Saved entries:

##########

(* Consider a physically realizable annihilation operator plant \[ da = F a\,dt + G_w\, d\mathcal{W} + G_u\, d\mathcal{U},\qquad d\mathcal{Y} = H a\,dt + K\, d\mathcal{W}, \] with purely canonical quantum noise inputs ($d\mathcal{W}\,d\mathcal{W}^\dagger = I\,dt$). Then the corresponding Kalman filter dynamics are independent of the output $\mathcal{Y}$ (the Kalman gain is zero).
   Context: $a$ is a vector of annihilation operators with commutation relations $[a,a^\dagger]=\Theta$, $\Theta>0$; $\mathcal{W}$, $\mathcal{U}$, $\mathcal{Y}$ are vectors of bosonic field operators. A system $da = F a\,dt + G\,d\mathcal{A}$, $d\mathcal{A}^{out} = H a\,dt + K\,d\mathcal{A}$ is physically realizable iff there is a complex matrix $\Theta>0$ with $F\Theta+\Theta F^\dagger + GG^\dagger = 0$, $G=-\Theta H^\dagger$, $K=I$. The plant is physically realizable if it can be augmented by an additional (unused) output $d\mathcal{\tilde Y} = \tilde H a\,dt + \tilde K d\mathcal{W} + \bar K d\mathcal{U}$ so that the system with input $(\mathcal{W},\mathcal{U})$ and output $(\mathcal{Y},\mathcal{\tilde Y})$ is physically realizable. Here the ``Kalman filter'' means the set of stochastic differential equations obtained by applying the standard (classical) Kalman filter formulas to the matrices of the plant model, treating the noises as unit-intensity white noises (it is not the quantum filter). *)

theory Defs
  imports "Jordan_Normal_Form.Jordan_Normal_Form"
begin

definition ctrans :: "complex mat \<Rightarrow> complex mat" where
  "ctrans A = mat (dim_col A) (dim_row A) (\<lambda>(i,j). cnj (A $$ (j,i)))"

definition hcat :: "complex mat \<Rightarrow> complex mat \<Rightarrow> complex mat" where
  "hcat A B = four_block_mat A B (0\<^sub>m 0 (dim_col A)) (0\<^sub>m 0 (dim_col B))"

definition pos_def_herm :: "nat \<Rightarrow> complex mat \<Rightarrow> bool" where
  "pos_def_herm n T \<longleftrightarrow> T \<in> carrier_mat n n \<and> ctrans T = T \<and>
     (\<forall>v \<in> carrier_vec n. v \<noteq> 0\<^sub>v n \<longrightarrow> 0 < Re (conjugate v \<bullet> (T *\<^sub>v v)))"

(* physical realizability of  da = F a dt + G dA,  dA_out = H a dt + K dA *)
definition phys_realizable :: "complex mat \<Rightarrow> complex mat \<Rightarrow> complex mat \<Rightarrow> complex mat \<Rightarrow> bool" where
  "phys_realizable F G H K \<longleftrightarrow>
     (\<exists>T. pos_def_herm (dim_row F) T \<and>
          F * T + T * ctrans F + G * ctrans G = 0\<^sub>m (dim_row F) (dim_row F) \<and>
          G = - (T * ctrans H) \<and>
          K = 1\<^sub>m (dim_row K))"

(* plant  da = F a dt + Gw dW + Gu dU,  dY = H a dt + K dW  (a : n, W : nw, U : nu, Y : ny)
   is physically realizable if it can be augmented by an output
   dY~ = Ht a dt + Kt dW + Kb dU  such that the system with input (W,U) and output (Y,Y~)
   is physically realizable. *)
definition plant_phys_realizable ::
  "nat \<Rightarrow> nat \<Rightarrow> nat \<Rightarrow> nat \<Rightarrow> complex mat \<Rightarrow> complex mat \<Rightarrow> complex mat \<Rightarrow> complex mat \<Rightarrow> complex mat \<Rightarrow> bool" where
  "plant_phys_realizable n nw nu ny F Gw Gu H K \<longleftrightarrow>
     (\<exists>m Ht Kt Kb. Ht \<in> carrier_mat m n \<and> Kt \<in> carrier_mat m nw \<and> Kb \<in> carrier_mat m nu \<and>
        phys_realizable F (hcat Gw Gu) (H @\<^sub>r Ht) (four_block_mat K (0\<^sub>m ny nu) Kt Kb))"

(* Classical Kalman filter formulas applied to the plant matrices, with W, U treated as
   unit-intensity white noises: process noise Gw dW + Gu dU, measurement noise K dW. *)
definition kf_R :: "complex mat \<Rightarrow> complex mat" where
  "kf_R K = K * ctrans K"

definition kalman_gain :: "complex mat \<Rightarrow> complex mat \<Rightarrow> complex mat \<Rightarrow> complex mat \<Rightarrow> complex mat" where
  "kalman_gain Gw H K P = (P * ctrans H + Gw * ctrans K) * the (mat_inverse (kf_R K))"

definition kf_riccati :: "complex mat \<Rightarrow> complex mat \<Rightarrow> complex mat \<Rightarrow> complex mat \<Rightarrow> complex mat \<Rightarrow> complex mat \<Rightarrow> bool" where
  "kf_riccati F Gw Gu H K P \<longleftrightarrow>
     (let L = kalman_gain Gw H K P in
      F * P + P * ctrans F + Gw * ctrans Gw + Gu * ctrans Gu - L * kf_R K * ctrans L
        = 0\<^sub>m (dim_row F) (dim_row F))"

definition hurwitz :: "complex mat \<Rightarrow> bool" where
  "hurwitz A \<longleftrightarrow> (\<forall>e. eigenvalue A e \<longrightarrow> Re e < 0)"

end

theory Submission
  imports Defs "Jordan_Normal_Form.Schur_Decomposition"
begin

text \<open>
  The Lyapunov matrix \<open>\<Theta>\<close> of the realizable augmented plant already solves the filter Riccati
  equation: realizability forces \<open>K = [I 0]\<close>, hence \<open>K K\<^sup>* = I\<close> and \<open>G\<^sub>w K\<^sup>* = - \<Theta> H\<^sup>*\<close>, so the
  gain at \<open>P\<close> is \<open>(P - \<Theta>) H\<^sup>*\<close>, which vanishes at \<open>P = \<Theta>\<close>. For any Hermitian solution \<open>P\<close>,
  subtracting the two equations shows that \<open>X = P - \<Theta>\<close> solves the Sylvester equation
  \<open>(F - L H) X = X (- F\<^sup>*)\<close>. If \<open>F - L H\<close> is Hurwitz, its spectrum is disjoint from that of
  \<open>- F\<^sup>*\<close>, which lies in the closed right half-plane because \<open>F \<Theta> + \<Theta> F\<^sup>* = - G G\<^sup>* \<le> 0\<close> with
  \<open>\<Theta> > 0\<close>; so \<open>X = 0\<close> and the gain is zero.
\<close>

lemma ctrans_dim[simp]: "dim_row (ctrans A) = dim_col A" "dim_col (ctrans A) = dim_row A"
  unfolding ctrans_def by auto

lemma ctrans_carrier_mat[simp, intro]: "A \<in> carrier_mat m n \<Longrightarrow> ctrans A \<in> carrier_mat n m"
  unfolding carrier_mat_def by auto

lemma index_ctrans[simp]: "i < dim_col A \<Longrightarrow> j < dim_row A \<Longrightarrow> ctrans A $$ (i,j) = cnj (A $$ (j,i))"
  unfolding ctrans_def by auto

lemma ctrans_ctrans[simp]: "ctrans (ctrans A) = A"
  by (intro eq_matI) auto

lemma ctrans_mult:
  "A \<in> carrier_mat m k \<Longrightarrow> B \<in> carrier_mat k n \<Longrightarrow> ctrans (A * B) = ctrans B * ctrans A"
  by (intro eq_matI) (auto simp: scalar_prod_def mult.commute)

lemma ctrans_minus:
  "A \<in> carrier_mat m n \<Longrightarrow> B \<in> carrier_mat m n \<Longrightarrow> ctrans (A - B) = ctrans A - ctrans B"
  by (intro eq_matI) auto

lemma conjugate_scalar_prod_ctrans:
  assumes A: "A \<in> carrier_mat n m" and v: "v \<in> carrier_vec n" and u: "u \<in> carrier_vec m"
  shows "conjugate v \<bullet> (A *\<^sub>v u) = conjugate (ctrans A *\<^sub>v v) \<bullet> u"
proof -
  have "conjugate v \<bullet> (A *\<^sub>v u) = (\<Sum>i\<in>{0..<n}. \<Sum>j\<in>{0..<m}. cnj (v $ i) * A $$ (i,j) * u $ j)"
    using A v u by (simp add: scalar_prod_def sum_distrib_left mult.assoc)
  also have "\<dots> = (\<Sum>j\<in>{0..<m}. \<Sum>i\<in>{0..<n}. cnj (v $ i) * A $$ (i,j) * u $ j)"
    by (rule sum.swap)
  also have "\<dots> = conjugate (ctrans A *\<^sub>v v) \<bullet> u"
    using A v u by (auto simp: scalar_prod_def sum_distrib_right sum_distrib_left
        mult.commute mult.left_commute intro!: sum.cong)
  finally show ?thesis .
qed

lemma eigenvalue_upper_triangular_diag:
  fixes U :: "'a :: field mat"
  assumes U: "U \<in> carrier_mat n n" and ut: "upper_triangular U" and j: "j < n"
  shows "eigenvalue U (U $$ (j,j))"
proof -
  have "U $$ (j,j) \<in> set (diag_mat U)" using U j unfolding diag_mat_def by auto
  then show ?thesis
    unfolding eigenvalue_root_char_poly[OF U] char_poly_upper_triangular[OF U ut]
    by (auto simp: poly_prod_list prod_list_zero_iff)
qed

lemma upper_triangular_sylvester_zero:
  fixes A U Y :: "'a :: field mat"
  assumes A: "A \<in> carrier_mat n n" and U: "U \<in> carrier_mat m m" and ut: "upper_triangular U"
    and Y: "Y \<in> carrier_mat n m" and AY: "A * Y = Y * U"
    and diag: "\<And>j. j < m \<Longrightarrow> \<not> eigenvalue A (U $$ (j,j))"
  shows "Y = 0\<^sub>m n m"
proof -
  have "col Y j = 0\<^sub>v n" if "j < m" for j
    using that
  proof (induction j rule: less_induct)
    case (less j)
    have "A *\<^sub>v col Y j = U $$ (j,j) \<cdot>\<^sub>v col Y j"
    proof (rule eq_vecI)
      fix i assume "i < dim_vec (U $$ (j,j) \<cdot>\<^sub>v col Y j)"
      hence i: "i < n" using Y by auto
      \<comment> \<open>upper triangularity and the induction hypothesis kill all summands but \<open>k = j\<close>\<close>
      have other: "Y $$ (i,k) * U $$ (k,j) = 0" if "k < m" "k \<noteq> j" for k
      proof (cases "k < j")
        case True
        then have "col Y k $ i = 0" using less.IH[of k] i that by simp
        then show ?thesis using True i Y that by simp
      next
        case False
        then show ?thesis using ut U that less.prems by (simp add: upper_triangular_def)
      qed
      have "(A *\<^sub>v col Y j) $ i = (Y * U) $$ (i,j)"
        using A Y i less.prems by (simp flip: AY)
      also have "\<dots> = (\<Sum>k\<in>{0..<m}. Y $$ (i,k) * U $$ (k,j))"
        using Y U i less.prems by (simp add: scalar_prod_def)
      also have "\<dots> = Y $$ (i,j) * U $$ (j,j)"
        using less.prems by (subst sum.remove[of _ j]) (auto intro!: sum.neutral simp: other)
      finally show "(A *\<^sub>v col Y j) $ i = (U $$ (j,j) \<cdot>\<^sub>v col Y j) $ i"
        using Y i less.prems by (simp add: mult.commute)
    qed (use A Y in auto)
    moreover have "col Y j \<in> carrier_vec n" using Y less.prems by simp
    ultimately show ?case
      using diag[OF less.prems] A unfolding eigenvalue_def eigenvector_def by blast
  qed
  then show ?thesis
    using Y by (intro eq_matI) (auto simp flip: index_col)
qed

##########

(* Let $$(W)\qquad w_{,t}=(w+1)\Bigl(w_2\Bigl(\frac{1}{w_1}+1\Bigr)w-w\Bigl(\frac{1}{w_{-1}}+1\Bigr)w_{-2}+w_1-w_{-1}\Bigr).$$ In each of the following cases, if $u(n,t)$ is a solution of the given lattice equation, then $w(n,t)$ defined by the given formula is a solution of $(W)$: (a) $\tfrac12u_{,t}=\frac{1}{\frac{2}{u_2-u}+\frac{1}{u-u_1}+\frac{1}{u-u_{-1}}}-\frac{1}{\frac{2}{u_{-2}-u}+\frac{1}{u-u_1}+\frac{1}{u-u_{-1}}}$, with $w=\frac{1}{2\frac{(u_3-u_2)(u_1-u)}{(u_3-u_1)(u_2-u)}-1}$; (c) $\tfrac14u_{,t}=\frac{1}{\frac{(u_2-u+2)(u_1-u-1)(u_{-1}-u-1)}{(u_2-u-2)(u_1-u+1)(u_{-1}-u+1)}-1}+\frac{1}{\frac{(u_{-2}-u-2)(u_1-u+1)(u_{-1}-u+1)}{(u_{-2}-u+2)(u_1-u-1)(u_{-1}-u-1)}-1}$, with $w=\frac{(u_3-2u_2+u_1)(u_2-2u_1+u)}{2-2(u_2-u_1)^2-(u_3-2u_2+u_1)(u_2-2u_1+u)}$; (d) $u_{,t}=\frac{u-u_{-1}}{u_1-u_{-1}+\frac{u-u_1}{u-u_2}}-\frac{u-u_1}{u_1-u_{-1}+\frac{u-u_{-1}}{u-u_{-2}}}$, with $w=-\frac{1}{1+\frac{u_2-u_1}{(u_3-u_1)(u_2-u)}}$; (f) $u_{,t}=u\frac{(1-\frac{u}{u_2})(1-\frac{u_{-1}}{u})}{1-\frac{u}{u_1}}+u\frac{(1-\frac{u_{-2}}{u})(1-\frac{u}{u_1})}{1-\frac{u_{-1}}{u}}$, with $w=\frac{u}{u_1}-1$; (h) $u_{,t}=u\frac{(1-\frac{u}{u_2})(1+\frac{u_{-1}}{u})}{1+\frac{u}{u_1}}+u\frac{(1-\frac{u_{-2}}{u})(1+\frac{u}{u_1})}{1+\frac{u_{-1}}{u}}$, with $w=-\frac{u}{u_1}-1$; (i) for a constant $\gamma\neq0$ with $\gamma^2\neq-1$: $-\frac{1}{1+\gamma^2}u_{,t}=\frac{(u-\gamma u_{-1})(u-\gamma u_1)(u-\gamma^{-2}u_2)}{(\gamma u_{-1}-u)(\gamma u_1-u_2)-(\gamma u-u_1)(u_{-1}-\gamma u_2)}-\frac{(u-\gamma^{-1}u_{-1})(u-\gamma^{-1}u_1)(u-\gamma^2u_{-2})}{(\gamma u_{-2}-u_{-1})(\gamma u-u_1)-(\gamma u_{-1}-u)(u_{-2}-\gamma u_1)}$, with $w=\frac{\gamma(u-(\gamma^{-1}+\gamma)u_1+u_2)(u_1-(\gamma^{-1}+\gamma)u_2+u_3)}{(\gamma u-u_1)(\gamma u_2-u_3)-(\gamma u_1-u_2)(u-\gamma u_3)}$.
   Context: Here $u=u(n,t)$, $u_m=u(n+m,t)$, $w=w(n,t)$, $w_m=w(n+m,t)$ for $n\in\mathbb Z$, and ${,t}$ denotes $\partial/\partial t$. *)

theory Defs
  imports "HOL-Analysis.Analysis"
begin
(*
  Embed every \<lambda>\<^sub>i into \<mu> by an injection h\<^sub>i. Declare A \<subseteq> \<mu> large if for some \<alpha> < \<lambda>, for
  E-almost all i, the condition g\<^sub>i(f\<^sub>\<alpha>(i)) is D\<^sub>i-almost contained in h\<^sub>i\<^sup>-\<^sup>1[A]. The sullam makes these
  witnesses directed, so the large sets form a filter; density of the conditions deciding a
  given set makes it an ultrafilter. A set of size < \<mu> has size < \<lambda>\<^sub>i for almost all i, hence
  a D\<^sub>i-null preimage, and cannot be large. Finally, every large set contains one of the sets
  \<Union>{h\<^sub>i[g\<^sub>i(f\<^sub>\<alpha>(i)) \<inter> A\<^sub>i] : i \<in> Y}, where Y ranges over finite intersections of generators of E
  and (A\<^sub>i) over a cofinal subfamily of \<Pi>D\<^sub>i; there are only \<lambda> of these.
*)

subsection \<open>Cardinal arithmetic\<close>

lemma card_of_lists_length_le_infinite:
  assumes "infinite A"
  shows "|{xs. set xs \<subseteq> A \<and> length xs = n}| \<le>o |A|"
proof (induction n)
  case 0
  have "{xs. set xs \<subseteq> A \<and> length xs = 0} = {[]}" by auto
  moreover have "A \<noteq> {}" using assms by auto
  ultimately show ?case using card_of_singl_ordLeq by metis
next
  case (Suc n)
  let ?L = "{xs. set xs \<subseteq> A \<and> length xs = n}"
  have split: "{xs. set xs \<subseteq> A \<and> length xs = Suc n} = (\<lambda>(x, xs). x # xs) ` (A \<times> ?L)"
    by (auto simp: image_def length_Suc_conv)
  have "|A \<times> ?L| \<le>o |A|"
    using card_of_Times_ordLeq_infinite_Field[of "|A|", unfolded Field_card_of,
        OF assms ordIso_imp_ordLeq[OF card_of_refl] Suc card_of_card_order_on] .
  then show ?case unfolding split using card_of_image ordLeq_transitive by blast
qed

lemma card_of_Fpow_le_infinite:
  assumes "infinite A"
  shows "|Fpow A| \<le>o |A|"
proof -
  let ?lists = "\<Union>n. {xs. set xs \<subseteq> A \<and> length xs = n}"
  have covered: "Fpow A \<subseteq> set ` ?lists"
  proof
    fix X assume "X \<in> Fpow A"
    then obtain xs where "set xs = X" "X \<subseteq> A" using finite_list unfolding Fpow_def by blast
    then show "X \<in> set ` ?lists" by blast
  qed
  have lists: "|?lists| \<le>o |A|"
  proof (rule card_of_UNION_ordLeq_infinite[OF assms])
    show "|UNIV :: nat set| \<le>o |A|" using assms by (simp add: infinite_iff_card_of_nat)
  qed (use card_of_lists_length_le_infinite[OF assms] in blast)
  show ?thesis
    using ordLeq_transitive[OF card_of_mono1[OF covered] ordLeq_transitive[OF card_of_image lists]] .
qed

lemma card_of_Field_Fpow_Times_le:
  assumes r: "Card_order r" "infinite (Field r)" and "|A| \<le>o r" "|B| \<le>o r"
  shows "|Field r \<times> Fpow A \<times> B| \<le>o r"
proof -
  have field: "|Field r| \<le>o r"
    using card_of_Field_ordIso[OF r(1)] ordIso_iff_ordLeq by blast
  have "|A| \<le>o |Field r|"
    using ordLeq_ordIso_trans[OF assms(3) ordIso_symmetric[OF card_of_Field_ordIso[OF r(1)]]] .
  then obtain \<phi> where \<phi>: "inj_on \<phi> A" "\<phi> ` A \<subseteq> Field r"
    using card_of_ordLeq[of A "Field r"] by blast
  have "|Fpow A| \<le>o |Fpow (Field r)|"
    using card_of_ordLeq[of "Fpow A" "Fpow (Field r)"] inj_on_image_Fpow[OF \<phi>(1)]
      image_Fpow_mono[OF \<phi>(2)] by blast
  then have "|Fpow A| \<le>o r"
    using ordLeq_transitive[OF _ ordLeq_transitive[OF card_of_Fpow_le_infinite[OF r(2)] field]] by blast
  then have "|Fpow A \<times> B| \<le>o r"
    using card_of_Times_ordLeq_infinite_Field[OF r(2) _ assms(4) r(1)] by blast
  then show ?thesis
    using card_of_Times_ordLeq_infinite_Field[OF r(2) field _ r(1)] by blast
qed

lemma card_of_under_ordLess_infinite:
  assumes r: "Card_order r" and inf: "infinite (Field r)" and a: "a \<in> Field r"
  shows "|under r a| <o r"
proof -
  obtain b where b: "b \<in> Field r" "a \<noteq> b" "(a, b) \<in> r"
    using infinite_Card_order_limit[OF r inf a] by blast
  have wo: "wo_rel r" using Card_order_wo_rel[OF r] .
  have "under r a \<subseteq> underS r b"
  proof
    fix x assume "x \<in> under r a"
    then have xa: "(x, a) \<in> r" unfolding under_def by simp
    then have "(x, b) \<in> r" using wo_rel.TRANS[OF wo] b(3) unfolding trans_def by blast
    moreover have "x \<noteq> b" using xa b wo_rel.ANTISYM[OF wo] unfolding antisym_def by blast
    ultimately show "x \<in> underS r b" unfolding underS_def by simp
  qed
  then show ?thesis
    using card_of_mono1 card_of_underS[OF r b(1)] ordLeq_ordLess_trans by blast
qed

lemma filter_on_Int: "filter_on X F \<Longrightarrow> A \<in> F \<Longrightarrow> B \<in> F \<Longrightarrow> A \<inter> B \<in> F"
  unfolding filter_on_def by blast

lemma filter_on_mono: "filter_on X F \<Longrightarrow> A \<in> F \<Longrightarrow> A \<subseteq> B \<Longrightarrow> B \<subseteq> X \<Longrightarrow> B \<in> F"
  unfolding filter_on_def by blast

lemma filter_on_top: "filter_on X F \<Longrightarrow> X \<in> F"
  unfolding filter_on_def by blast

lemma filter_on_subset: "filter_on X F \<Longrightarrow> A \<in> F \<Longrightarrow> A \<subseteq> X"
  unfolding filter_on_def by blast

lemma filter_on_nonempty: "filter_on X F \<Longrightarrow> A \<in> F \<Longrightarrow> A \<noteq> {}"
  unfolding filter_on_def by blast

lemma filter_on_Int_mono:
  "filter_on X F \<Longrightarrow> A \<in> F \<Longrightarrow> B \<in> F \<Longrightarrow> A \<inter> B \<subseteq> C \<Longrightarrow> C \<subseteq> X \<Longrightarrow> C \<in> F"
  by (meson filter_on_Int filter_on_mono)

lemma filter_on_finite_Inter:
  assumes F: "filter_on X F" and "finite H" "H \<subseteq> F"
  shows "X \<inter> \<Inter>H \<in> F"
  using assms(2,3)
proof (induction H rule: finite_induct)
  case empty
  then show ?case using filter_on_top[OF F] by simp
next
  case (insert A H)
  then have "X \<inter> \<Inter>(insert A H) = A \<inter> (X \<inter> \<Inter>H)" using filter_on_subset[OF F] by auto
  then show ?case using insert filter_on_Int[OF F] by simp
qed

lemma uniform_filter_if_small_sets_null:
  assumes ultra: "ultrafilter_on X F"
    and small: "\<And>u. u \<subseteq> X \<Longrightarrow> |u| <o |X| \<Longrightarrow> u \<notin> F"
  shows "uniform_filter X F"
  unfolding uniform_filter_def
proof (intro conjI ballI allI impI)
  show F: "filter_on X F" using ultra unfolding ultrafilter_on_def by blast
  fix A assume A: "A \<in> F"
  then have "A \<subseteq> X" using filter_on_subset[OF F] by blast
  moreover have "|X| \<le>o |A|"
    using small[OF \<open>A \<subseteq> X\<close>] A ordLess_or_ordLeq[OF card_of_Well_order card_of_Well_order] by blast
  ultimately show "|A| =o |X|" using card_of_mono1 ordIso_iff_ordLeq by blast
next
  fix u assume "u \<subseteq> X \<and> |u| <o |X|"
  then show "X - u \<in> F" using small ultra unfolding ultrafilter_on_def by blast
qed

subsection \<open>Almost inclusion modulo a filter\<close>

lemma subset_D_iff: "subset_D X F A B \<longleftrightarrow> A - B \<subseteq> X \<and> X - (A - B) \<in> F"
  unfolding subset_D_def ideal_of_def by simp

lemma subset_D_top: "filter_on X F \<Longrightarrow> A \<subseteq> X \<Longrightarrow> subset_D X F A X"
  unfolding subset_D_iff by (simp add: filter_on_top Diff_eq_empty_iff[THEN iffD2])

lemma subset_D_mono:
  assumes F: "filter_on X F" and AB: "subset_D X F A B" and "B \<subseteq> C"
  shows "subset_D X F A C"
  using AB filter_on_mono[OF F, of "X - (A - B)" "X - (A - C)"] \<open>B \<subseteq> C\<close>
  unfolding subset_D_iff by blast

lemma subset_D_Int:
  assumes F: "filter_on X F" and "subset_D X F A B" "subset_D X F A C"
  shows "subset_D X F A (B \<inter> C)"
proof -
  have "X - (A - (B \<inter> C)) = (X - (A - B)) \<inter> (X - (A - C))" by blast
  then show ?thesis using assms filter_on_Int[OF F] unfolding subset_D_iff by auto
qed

##########

What the task requires =>
Among the records above, extract exactly the lines from the line with "by (intro eq_matI) (auto simp: scalar_prod_def" to the line with "proof (rule eq_vecI)", both lines included, and leave out the rest.

Solution to the exercise =>
  by (intro eq_matI) (auto simp: scalar_prod_def mult.commute)

lemma ctrans_minus:
  "A \<in> carrier_mat m n \<Longrightarrow> B \<in> carrier_mat m n \<Longrightarrow> ctrans (A - B) = ctrans A - ctrans B"
  by (intro eq_matI) auto

lemma conjugate_scalar_prod_ctrans:
  assumes A: "A \<in> carrier_mat n m" and v: "v \<in> carrier_vec n" and u: "u \<in> carrier_vec m"
  shows "conjugate v \<bullet> (A *\<^sub>v u) = conjugate (ctrans A *\<^sub>v v) \<bullet> u"
proof -
  have "conjugate v \<bullet> (A *\<^sub>v u) = (\<Sum>i\<in>{0..<n}. \<Sum>j\<in>{0..<m}. cnj (v $ i) * A $$ (i,j) * u $ j)"
    using A v u by (simp add: scalar_prod_def sum_distrib_left mult.assoc)
  also have "\<dots> = (\<Sum>j\<in>{0..<m}. \<Sum>i\<in>{0..<n}. cnj (v $ i) * A $$ (i,j) * u $ j)"
    by (rule sum.swap)
  also have "\<dots> = conjugate (ctrans A *\<^sub>v v) \<bullet> u"
    using A v u by (auto simp: scalar_prod_def sum_distrib_right sum_distrib_left
        mult.commute mult.left_commute intro!: sum.cong)
  finally show ?thesis .
qed

lemma eigenvalue_upper_triangular_diag:
  fixes U :: "'a :: field mat"
  assumes U: "U \<in> carrier_mat n n" and ut: "upper_triangular U" and j: "j < n"
  shows "eigenvalue U (U $$ (j,j))"
proof -
  have "U $$ (j,j) \<in> set (diag_mat U)" using U j unfolding diag_mat_def by auto
  then show ?thesis
    unfolding eigenvalue_root_char_poly[OF U] char_poly_upper_triangular[OF U ut]
    by (auto simp: poly_prod_list prod_list_zero_iff)
qed

lemma upper_triangular_sylvester_zero:
  fixes A U Y :: "'a :: field mat"
  assumes A: "A \<in> carrier_mat n n" and U: "U \<in> carrier_mat m m" and ut: "upper_triangular U"
    and Y: "Y \<in> carrier_mat n m" and AY: "A * Y = Y * U"
    and diag: "\<And>j. j < m \<Longrightarrow> \<not> eigenvalue A (U $$ (j,j))"
  shows "Y = 0\<^sub>m n m"
proof -
  have "col Y j = 0\<^sub>v n" if "j < m" for j
    using that
  proof (induction j rule: less_induct)
    case (less j)
    have "A *\<^sub>v col Y j = U $$ (j,j) \<cdot>\<^sub>v col Y j"
    proof (rule eq_vecI)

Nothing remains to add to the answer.